1. Hypersensitivity to cabozantinib or any component of the formulation 2. Concomitant use with strong CYP3A4 inducers 3. Recent history of hemoptysis or serious bleeding 4. Perforation or fistula formation

Warnings and Precautions

• Severe hemorrhagic events: Fatal hemorrhages have occurred. Discontinue in patients with severe hemorrhage.

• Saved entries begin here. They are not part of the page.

text \<open>Tilting the family by -\<delta>(s - a) does not change the maximisers but makes their
  derivatives negative, so the strict version applies.\<close>

lemma finite_family_le_bound_before_end:
  fixes g g' :: "'i \<Rightarrow> real \<Rightarrow> real"
  assumes fin: "finite I"
    and cont: "\<And>k. k \<in> I \<Longrightarrow> continuous_on {a..b} (g k)"
    and deriv: "\<And>k s. k \<in> I \<Longrightarrow> s \<in> {a<..<b} \<Longrightarrow> (g k has_real_derivative g' k s) (at s)"
    and maximiser_nonincreasing: "\<And>k s. k \<in> I \<Longrightarrow> s \<in> {a<..<b} \<Longrightarrow>
          (\<And>l. l \<in> I \<Longrightarrow> g l s \<le> g k s) \<Longrightarrow> g' k s \<le> 0"
    and init: "\<And>k. k \<in> I \<Longrightarrow> g k a \<le> C"
    and k: "k \<in> I" and s: "s \<in> {a..<b}"
  shows "g k s \<le> C"
proof (rule field_le_epsilon)
  fix e :: real assume "0 < e"
  define \<delta> where "\<delta> = e / (b - a + 1)"
  have "\<delta> > 0" using \<open>0 < e\<close> s unfolding \<delta>_def by auto
  have "g k s - \<delta> * (s - a) < C + \<delta>"
  proof (rule finite_family_less_bound_strict[where g' = "\<lambda>k s. g' k s - \<delta>", OF fin _ _ _ _ k s])
    show "continuous_on {a..b} (\<lambda>s. g k s - \<delta> * (s - a))" if "k \<in> I" for k
      using cont[OF that] by (intro continuous_intros)
    show "((\<lambda>s. g k s - \<delta> * (s - a)) has_real_derivative g' k s - \<delta>) (at s)"
      if "k \<in> I" "s \<in> {a<..<b}" for k s
      using deriv[OF that] by (auto intro!: derivative_eq_intros)
    show "g' k s - \<delta> < 0"
      if "k \<in> I" "s \<in> {a<..<b}"
        and "\<And>l. l \<in> I \<Longrightarrow> g l s - \<delta> * (s - a) \<le> g k s - \<delta> * (s - a)" for k s
    proof -
      have "g' k s \<le> 0"
        by (rule maximiser_nonincreasing[OF that(1,2)]) (use that(3) in simp)
      then show ?thesis using \<open>\<delta> > 0\<close> by simp
    qed
    show "g k a - \<delta> * (a - a) < C + \<delta>" if "k \<in> I" for k
      using init[OF that] \<open>\<delta> > 0\<close> by simp
  qed
  moreover have "\<delta> * (s - a) + \<delta> \<le> e"
  proof -
    have "\<delta> * (s - a) + \<delta> \<le> \<delta> * (b - a + 1)"
      using \<open>\<delta> > 0\<close> s by (simp add: algebra_simps)
    also have "\<dots> = e" using s unfolding \<delta>_def by simp
    finally show ?thesis .
  qed
  ultimately show "g k s \<le> C + e" by linarith
qed

lemma finite_family_le_bound:
  fixes g g' :: "'i \<Rightarrow> real \<Rightarrow> real"
  assumes fin: "finite I"
    and cont: "\<And>k. k \<in> I \<Longrightarrow> continuous_on {a..b} (g k)"
    and deriv: "\<And>k s. k \<in> I \<Longrightarrow> s \<in> {a<..<b} \<Longrightarrow> (g k has_real_derivative g' k s) (at s)"
    and maximiser_nonincreasing: "\<And>k s. k \<in> I \<Longrightarrow> s \<in> {a<..<b} \<Longrightarrow>
          (\<And>l. l \<in> I \<Longrightarrow> g l s \<le> g k s) \<Longrightarrow> g' k s \<le> 0"
    and init: "\<And>k. k \<in> I \<Longrightarrow> g k a \<le> C"
    and k: "k \<in> I" and s: "s \<in> {a..b}"
  shows "g k s \<le> C"
proof -
  have before_end: "g k u \<le> C" if "u \<in> {a..<b}" for u
    using fin cont deriv maximiser_nonincreasing init k that
    by (rule finite_family_le_bound_before_end)
  consider "s < b" | "s = a" | "a < b" "s = b"
    using s by fastforce
  then show ?thesis
  proof cases
    case 3
    show ?thesis
    proof (rule continuous_le_on_closure[of "{a..<b}" "g k"])
      show "continuous_on (closure {a..<b}) (g k)"
        using cont[OF k] 3 by simp
      show "s \<in> closure {a..<b}"
        using 3 by simp
    qed (rule before_end)
  qed (use s before_end init[OF k] in auto)
qed

lemma ball_invariant_if_farthest_moves_inward:
  fixes x D :: "'i \<Rightarrow> real \<Rightarrow> 'a::real_inner"
  assumes fin: "finite I"
    and cont: "\<And>k. k \<in> I \<Longrightarrow> continuous_on {a..b} (x k)"
    and deriv: "\<And>k s. k \<in> I \<Longrightarrow> s \<in> {a<..<b} \<Longrightarrow> (x k has_vector_derivative D k s) (at s)"
    and inward: "\<And>k s. k \<in> I \<Longrightarrow> s \<in> {a<..<b} \<Longrightarrow>
          (\<And>l. l \<in> I \<Longrightarrow> norm (x l s - p) \<le> norm (x k s - p)) \<Longrightarrow> inner (x k s - p) (D k s) \<le> 0"
    and init: "\<And>k. k \<in> I \<Longrightarrow> norm (x k a - p) \<le> R"
    and k: "k \<in> I" and s: "s \<in> {a..b}"
  shows "norm (x k s - p) \<le> R"
proof -
  have "0 \<le> R"
    using init[OF k] norm_ge_zero order_trans by blast
  have "norm (x k s - p)^2 \<le> R^2"
  proof (rule finite_family_le_bound[where g' = "\<lambda>k s. 2 * inner (x k s - p) (D k s)", OF fin _ _ _ _ k s])
    show "continuous_on {a..b} (\<lambda>s. norm (x k s - p)^2)" if "k \<in> I" for k
      using cont[OF that] by (intro continuous_intros)
    show "((\<lambda>s. norm (x k s - p)^2) has_real_derivative 2 * inner (x k s - p) (D k s)) (at s)"
      if "k \<in> I" "s \<in> {a<..<b}" for k s
      by (rule has_real_derivative_power2_norm_diff[OF deriv[OF that]])
    show "2 * inner (x k s - p) (D k s) \<le> 0"
      if "k \<in> I" "s \<in> {a<..<b}"
        and "\<And>l. l \<in> I \<Longrightarrow> norm (x l s - p)^2 \<le> norm (x k s - p)^2" for k s
    proof -
      have "inner (x k s - p) (D k s) \<le> 0"
        by (rule inward[OF that(1,2) power2_le_imp_le[OF that(3) norm_ge_zero]])
      then show ?thesis by simp
    qed
    show "norm (x k a - p)^2 \<le> R^2" if "k \<in> I" for k
      using init[OF that] by (simp add: power_mono)
  qed
  then show ?thesis
    using \<open>0 \<le> R\<close> by (rule power2_le_imp_le)
qed

lemma alpha_eq_1_attractive_phase:
  assumes "0 \<le> tt (2*n)" and "s \<in> {tt (2*n)<..<tt (2*n+1)}"
  shows "alpha tt s = 1"
proof -
  have "s \<noteq> 0" "\<exists>m. tt (2*m) < s \<and> s < tt (2*m+1)"
    using assms by auto
  then show ?thesis unfolding alpha_def by simp
qed

lemma inner_rhs_nonpos_if_farthest:
  assumes "N \<ge> 1" and psi_nonneg: "\<And>y z. 0 \<le> psi y z"
    and "alpha tt s = 1"
    and farthest: "\<And>l. l \<in> {1..N} \<Longrightarrow> norm (x l s - p) \<le> norm (x k s - p)"
  shows "inner (x k s - p) (rhs N tt psi x k s) \<le> 0"
proof -
  have "inner (x k s - p) (\<Sum>l\<in>{1..N} - {k}. psi (x k s) (x l s) *\<^sub>R (x l s - x k s)) \<le> 0"
    using psi_nonneg farthest by (intro inner_weighted_sum_towards_nonpos) auto
  then show ?thesis
    using \<open>N \<ge> 1\<close> \<open>alpha tt s = 1\<close> unfolding rhs_def by (simp add: divide_nonpos_nonneg)
qed

lemma attractive_phase_ball_invariant:
  fixes x :: "nat \<Rightarrow> real \<Rightarrow> 'a::real_inner"
  assumes "N \<ge> 1" and psi_nonneg: "\<And>y z. 0 \<le> psi y z" and "0 \<le> tt (2*n)"
    and cont: "\<And>i. i \<in> {1..N} \<Longrightarrow> continuous_on {tt (2*n)..tt (2*n+1)} (x i)"
    and ode: "\<And>i s. i \<in> {1..N} \<Longrightarrow> s \<in> {tt (2*n)<..<tt (2*n+1)} \<Longrightarrow>
                (x i has_vector_derivative rhs N tt psi x i s) (at s)"
    and init: "\<And>l. l \<in> {1..N} \<Longrightarrow> norm (x l (tt (2*n)) - p) \<le> R"
    and "k \<in> {1..N}" and "s \<in> {tt (2*n)..tt (2*n+1)}"
  shows "norm (x k s - p) \<le> R"
proof (rule ball_invariant_if_farthest_moves_inward[OF _ cont ode _ init \<open>k \<in> _\<close> \<open>s \<in> _\<close>])
  show "inner (x k s - p) (rhs N tt psi x k s) \<le> 0"
    if "s \<in> {tt (2*n)<..<tt (2*n+1)}"
      and "\<And>l. l \<in> {1..N} \<Longrightarrow> norm (x l s - p) \<le> norm (x k s - p)" for k s
    using alpha_eq_1_attractive_phase[OF \<open>0 \<le> tt (2*n)\<close> that(1)] that(2)
    by (rule inner_rhs_nonpos_if_farthest[where x = x and k = k and p = p, OF \<open>N \<ge> 1\<close> psi_nonneg])
qed simp

lemma norm_diff_le_diam:
  assumes "i \<in> {1..N}" "j \<in> {1..N}"
  shows "norm (x i s - x j s) \<le> diam N x s"
proof -
  have pairs: "{norm (x i s - x j s) | i j. i \<in> {1..N} \<and> j \<in> {1..N}} =
      (\<lambda>(i,j). norm (x i s - x j s)) ` ({1..N} \<times> {1..N})"
    by (auto; blast)
  show ?thesis
    unfolding diam_def pairs by (rule Max_ge) (use assms in auto)
qed

theorem lemma3p2:
  fixes N :: nat and psi :: "'a::euclidean_space \<Rightarrow> 'a \<Rightarrow> real"
    and tt :: "nat \<Rightarrow> real" and x :: "nat \<Rightarrow> real \<Rightarrow> 'a"
  assumes N2: "N \<ge> 2"
    and psi_pos: "\<And>y z. psi y z > 0"
    and psi_bdd: "bounded (range (\<lambda>p. psi (fst p) (snd p)))"
    and psi_cont: "continuous_on UNIV (\<lambda>p. psi (fst p) (snd p))"
    and t_mono: "strict_mono tt" and t0: "tt 0 = 0"
    and t_lim: "filterlim tt at_top sequentially"
    and x_cont: "\<And>i. i \<in> {1..N} \<Longrightarrow> continuous_on {0..} (x i)"
    and x_ode: "\<And>i n s. i \<in> {1..N} \<Longrightarrow> s \<in> {tt n<..<tt (Suc n)} \<Longrightarrow>
                  (x i has_vector_derivative rhs N tt psi x i s) (at s)"
    and A1: "\<And>n. tt (2*n+2) - tt (2*n+1) < ln 2 / Kconst psi"
    and A2: "summable (\<lambda>p. ln (exp (Kconst psi * (tt (2*p+2) - tt (2*p+1)))
                              / (2 - exp (Kconst psi * (tt (2*p+2) - tt (2*p+1))))))"
    and A3: "filterlim (\<lambda>m. \<Sum>p<m. ln (max (1 - exp (- Kconst psi * (tt (2*p+1) - tt (2*p))))
                 (1 - psi0 N tt psi x / Kconst psi * (1 - exp (- Kconst psi * (tt (2*p+1) - tt (2*p)))))))
               at_bot sequentially"
  shows "\<forall>n i j s \<tau>. i \<in> {1..N} \<longrightarrow> j \<in> {1..N} \<longrightarrow>
           s \<in> {tt (2*n)..tt (2*n+1)} \<longrightarrow> \<tau> \<in> {tt (2*n)..tt (2*n+1)} \<longrightarrow>
           norm (x i s - x j \<tau>) \<le> diam N x (tt (2*n))"
proof (intro allI impI)
  fix n i j s \<tau>
  assume i: "i \<in> {1..N}" and j: "j \<in> {1..N}"
    and s: "s \<in> {tt (2*n)..tt (2*n+1)}" and \<tau>: "\<tau> \<in> {tt (2*n)..tt (2*n+1)}"
  have "N \<ge> 1" and psi_nonneg: "\<And>y z. 0 \<le> psi y z"
    using N2 psi_pos less_imp_le by auto
  have "0 \<le> tt (2*n)"
    using t0 t_mono by (metis le0 strict_mono_less_eq)
  have cont: "continuous_on {tt (2*n)..tt (2*n+1)} (x k)" if "k \<in> {1..N}" for k
    using \<open>0 \<le> tt (2*n)\<close> by (auto intro: continuous_on_subset[OF x_cont[OF that]])
  have ode: "(x k has_vector_derivative rhs N tt psi x k t) (at t)"
    if "k \<in> {1..N}" "t \<in> {tt (2*n)<..<tt (2*n+1)}" for k t
    using x_ode[of k t "2*n"] that by simp
  note phase = \<open>N \<ge> 1\<close> psi_nonneg \<open>0 \<le> tt (2*n)\<close> cont ode
  have near_j: "norm (x l (tt (2*n)) - x j \<tau>) \<le> diam N x (tt (2*n))" if l: "l \<in> {1..N}" for l
  proof -
    have "norm (x j \<tau> - x l (tt (2*n))) \<le> diam N x (tt (2*n))"
      by (rule attractive_phase_ball_invariant[where x = x and p = "x l (tt (2*n))",
            OF phase norm_diff_le_diam[where x = x, OF _ l] j \<tau>])
    then show ?thesis by (simp add: norm_minus_commute)
  qed
  show "norm (x i s - x j \<tau>) \<le> diam N x (tt (2*n))"
    by (rule attractive_phase_ball_invariant[where x = x and p = "x j \<tau>", OF phase near_j i s])
qed

end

• Gastrointestinal perforations and fistulas: Monitor symptoms and discontinue if occurs
• Thrombotic events: Increased risk of myocardial infarction, cerebral infarction, and other arterial thrombotic events
• Hypertension and hypertensive crisis: Monitor blood pressure regularly
• Diarrhea: May be severe and require dose interruption/reduction
• Palmar-plantar erythrodysesthesia syndrome: Manage with dose modifications
• Reversible posterior leukoencephalopathy syndrome (RPLS): Discontinue if diagnosed
• Thyroid dysfunction: Monitor thyroid function tests regularly
• Hepatotoxicity: Monitor liver function tests
• Proteinuria: Monitor urine protein regularly
• Osteonecrosis of the jaw: Perform dental exam before initiation
• Wound healing complications: Withhold at least 3 weeks before elective surgery

Drug Interactions

• Strong CYP3A4 inhibitors (ketoconazole, clarithromycin): Increase cabozantinib exposure; reduce dose
• Strong CYP3A4 inducers (rifampin, carbamazepine): Decrease cabozantinib exposure; avoid concomitant use
• Proton pump inhibitors: May decrease solubility and absorption

• Drugs that prolong QT interval: Potential additive effects
• Anticoagulants and antiplatelets: Increased bleeding risk

Adverse Effects

• Diarrhea (74%)
• Fatigue (56%)
• Nausea (50%)
• Decreased appetite (46%)
• Palmar-plantar erythrodysesthesia (44%)
• Hypertension (40%)
• Vomiting (31%)
• Weight decreased (30%)
• Constipation (27%)
• Dysgeusia (26%)

• Hemorrhage (3% severe, 1% fatal)
• Gastrointestinal perforation (1%)
• Arterial thromboembolism (1%)
• Hepatotoxicity (≤1%)
• RPLS (<1%)

Monitoring Parameters

• Complete blood count with differential
• Comprehensive metabolic panel (including liver function tests)
• Urinalysis with protein quantification
• Thyroid function tests
• Blood pressure
• ECG (if risk factors for QT prolongation)
• Dental examination

• Blood pressure: Weekly for first 6 weeks, then monthly
• Urine protein: Regularly (at least every 3 months)
• Liver function tests: Monthly for first 3 months, then as clinically indicated
• Thyroid function: Every 2 months for first 6 months, then as needed
• Symptoms of bleeding, GI perforation, fistula formation
• Signs of hand-foot skin reaction
• Diarrhea assessment and management

Patient Education

• Take medication on an empty stomach as directed
• Do not crush or break tablets
• Report any signs of bleeding (unusual bruising, blood in urine/stool)
• Monitor blood pressure regularly as instructed
• Report severe diarrhea, nausea, or vomiting
• Be aware of hand-foot skin reactions and report redness, swelling, or pain
• Maintain good oral hygiene and inform dentist about cabozantinib therapy
• Use effective contraception during treatment and for 4 months after
• Avoid grapefruit and grapefruit juice during treatment
• Report any new or worsening symptoms immediately
• Keep all follow-up appointments for monitoring

References

1. Choueiri TK, et al. Cabozantinib versus Everolimus in Advanced Renal-Cell Carcinoma. N Engl J Med. 2015;373(19):1814-1823. 2. Abou-Alfa GK, et al. Cabozantinib in Patients with Advanced and Progressing Hepatocellular Carcinoma. N Engl J Med. 2018;379(1):54-63. 3. Brose MS, et al. Cabozantinib for radioiodine-refractory differentiated thyroid cancer (COSMIC-311): a randomised, double-blind, placebo-controlled, phase 3 trial. Lancet Oncol. 2021;22(8):1126-1138. 4. Cabometyx® (cabozantinib) prescribing information. Exelixis, Inc. 2023. 5. NCCN Clinical Practice Guidelines in Oncology: Kidney Cancer. Version 4.2023. 6. FDA Approval: Cabozantinib for Advanced Renal Cell Carcinoma. FDA.gov. 7. Lenvima® (lenvatinib) plus Keytruda® (pembrolizumab) prescribing information. Merck & Co., Inc. 2023.